> **WORK INSTRUCTION**:
Every line of the records below that has the word "blast" should be copied.

> **DATA TO PROCESS**:
= Beginning of Section =

lemma list_agreement_test_distinguishing_edges:
  assumes "list_agreement_test X T" and "max_queries T q" and "\<not> agreeing X L"
  obtains Q where "Q \<subseteq> edges X" "finite Q" "card Q \<le> q"
    "\<And>L'. agreeing X L' \<Longrightarrow> \<exists>e\<in>Q. answer L' e \<noteq> answer L e"
proof -
  have "measure_pmf.prob T {t. \<not> run t L} \<noteq> 0"
    using assms(1,3) unfolding list_agreement_test_def by fastforce
  then obtain t where t: "t \<in> set_pmf T" "\<not> run t L"
    unfolding measure_pmf_zero_iff by blast
  have "run t L'" if "agreeing X L'" for L'
  proof -
    have "measure_pmf.prob T {t. run t L'} = 1"
      using assms(1) that unfolding list_agreement_test_def by blast
    then have "\<forall>t\<in>set_pmf T. run t L'"
      by (subst (asm) measure_pmf.prob_eq_1) (auto simp: AE_measure_pmf_iff)
    with t(1) show ?thesis by blast
  qed
  then have "\<exists>e\<in>queried t L. answer L' e \<noteq> answer L e" if "agreeing X L'" for L'
    using run_cong_queried[of t L L'] t(2) that by blast
  moreover have "card (queried t L) \<le> q"
    using card_queried_le_nqueries[of t L] assms(2) t(1) unfolding max_queries_def by (meson order_trans)
  moreover have "queried t L \<subseteq> edges X"
    using queried_subset_edges assms(1) t(1) unfolding list_agreement_test_def by blast
  ultimately show ?thesis
    using that finite_queried by blast
qed

lemma list_agreement_test_unmatched_query:
  assumes "list_agreement_test X T" and "max_queries T q" and "\<not> agreeing X L"
  obtains Q where "Q \<subseteq> edges X" "finite Q" "card Q \<le> q"
    "\<And>g1 g2. \<exists>e\<in>Q. \<not> matches_on L g1 g2 e"
proof -
  obtain Q where Q: "Q \<subseteq> edges X" "finite Q" "card Q \<le> q"
    and detects: "\<And>L'. agreeing X L' \<Longrightarrow> \<exists>e\<in>Q. answer L' e \<noteq> answer L e"
    using list_agreement_test_distinguishing_edges[OF assms] by blast
  have "\<exists>e\<in>Q. \<not> matches_on L g1 g2 e" for g1 g2
    by (metis agreeing_with_same_answers detects)
  with Q that show ?thesis by blast
qed

lemma ex_less_notin_small_sets:
  assumes "finite Q" "\<And>e. e \<in> Q \<Longrightarrow> S e \<subseteq> {..<n}" "\<And>e. e \<in> Q \<Longrightarrow> card (S e) \<le> k"
    and "card Q * k < n"
  obtains c where "c < n" "\<And>e. e \<in> Q \<Longrightarrow> c \<notin> S e"
proof -
  let ?U = "\<Union>e\<in>Q. S e"
  have "card ?U \<le> (\<Sum>e\<in>Q. card (S e))"
    using card_UN_le[OF assms(1)] .
  also have "\<dots> \<le> card Q * k"
    using sum_bounded_above[of Q "\<lambda>e. card (S e)" k] assms(3) by simp
  finally have "card ?U < card {..<n}"
    using assms(4) by simp
  moreover have "?U \<subseteq> {..<n}"
    using assms(2) by (rule UN_least)
  ultimately have "?U \<noteq> {..<n}"
    by auto
  with \<open>?U \<subseteq> {..<n}\<close> obtain c where "c < n" "c \<notin> ?U"
    by blast
  then show ?thesis
    by (intro that) auto
qed

lemma doubleton_nth_eq_iff:
  assumes "distinct \<gamma>" "a < b" "b < length \<gamma>" "a' < b'" "b' < length \<gamma>"
  shows "{\<gamma> ! a', \<gamma> ! b'} = {\<gamma> ! a, \<gamma> ! b} \<longleftrightarrow> a' = a \<and> b' = b"
  using assms by (auto simp: doubleton_eq_iff nth_eq_iff_index_eq)

lemma card_2_subset_set_conv_nth:
  assumes "card e = 2" "e \<subseteq> set \<gamma>"
  obtains a b where "a < b" "b < length \<gamma>" "e = {\<gamma> ! a, \<gamma> ! b}"
proof -
  obtain x y where "x \<noteq> y" "e = {x, y}"
    using assms(1) by (auto simp: card_2_iff)
  moreover obtain i j where "i < length \<gamma>" "j < length \<gamma>" "x = \<gamma> ! i" "y = \<gamma> ! j"
    using assms(2) \<open>e = {x, y}\<close> by (auto simp: in_set_conv_nth)
  ultimately show ?thesis
    using that by (metis insert_commute linorder_neqE_nat)
qed

lemma nth_in_set_take_iff:
  assumes "distinct \<gamma>" "k < length \<gamma>"
  shows "\<gamma> ! k \<in> set (take m \<gamma>) \<longleftrightarrow> k < m"
  using assms by (auto simp: in_set_conv_nth nth_eq_iff_index_eq)

lemma in_set_drop_iff_not_in_set_take:
  assumes "distinct \<gamma>"
  shows "v \<in> set (drop m \<gamma>) \<longleftrightarrow> v \<in> set \<gamma> \<and> v \<notin> set (take m \<gamma>)"
proof -
  have "set \<gamma> = set (take m \<gamma>) \<union> set (drop m \<gamma>)"
    by (metis append_take_drop_id set_append)
  moreover have "set (take m \<gamma>) \<inter> set (drop m \<gamma>) = {}"
    using set_take_disj_set_drop_if_distinct[OF assms order_refl] .
  ultimately show ?thesis
    by blast
qed

definition fwd_dist :: "nat \<Rightarrow> nat \<Rightarrow> nat \<Rightarrow> nat" where
  "fwd_dist n a b = (b + n - a) mod n"

lemma fwd_dist_eq: "a < n \<Longrightarrow> b < n \<Longrightarrow> fwd_dist n a b = (if a \<le> b then b - a else b + n - a)"
  by (auto simp: fwd_dist_def mod_if)

lemma cdist_eq_fwd_dist:
  assumes "a < n" "b < n" "2 * fwd_dist n a b \<le> n"
  shows "cdist n a b = fwd_dist n a b"
  using assms unfolding cdist_def fwd_dist_def[symmetric] by (auto simp: fwd_dist_eq)

lemma fwd_dist_split:
  assumes "a < n" "b < n" "c < n" "fwd_dist n a c < fwd_dist n a b"
  shows "fwd_dist n a c + fwd_dist n (Suc c mod n) b + 1 = fwd_dist n a b"
  using assms by (auto simp: fwd_dist_eq mod_if split: if_splits)

lemma skips_on_shortest_arc:
  assumes "a < length \<gamma>" "b < length \<gamma>" "c < length \<gamma>"
    and "2 * fwd_dist (length \<gamma>) a b \<le> length \<gamma>"
    and "fwd_dist (length \<gamma>) a c < fwd_dist (length \<gamma>) a b"
  shows "skips \<gamma> {\<gamma> ! a, \<gamma> ! b} c"
proof -
  let ?n = "length \<gamma>"
  have split: "fwd_dist ?n a c + fwd_dist ?n (Suc c mod ?n) b + 1 = fwd_dist ?n a b"
    using fwd_dist_split assms by blast
  have "cdist ?n a c = fwd_dist ?n a c"
    using assms by (intro cdist_eq_fwd_dist) auto
  moreover have "cdist ?n (Suc c mod ?n) b = fwd_dist ?n (Suc c mod ?n) b"
    using assms split by (intro cdist_eq_fwd_dist) (auto intro: mod_less_divisor)
  ultimately have "cdist ?n a b = cdist ?n a c + cdist ?n (Suc c mod ?n) b + 1"
    using split assms by (simp add: cdist_eq_fwd_dist)
  then show ?thesis
    unfolding skips_def Let_def using assms(1,2) by auto
qed

lemma wraps_iff_inside_if_not_skips:
  assumes "a < b" "b < length \<gamma>" "c < length \<gamma>" "\<not> skips \<gamma> {\<gamma> ! a, \<gamma> ! b} c"
  shows "length \<gamma> < 2 * (b - a) \<longleftrightarrow> a \<le> c \<and> c < b"
proof
  assume wraps: "length \<gamma> < 2 * (b - a)"
  show "a \<le> c \<and> c < b"
  proof (rule ccontr)
    assume "\<not> (a \<le> c \<and> c < b)"
    then have "skips \<gamma> {\<gamma> ! b, \<gamma> ! a} c"
      using assms wraps by (intro skips_on_shortest_arc) (auto simp: fwd_dist_eq)
    with assms(4) show False by (simp add: insert_commute)
  qed
next
  assume inside: "a \<le> c \<and> c < b"
  show "length \<gamma> < 2 * (b - a)"
  proof (rule ccontr)
    assume "\<not> length \<gamma> < 2 * (b - a)"
    then have "skips \<gamma> {\<gamma> ! a, \<gamma> ! b} c"
      using assms inside by (intro skips_on_shortest_arc) (auto simp: fwd_dist_eq)
    with assms(4) show False by simp
  qed
qed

= End of Section =

> **OUTPUT**:
    unfolding measure_pmf_zero_iff by blast
      using assms(1) that unfolding list_agreement_test_def by blast
    with t(1) show ?thesis by blast
    using run_cong_queried[of t L L'] t(2) that by blast
    using queried_subset_edges assms(1) t(1) unfolding list_agreement_test_def by blast
    using that finite_queried by blast
    using list_agreement_test_distinguishing_edges[OF assms] by blast
  with Q that show ?thesis by blast
    by blast
    by blast
    using fwd_dist_split assms by blast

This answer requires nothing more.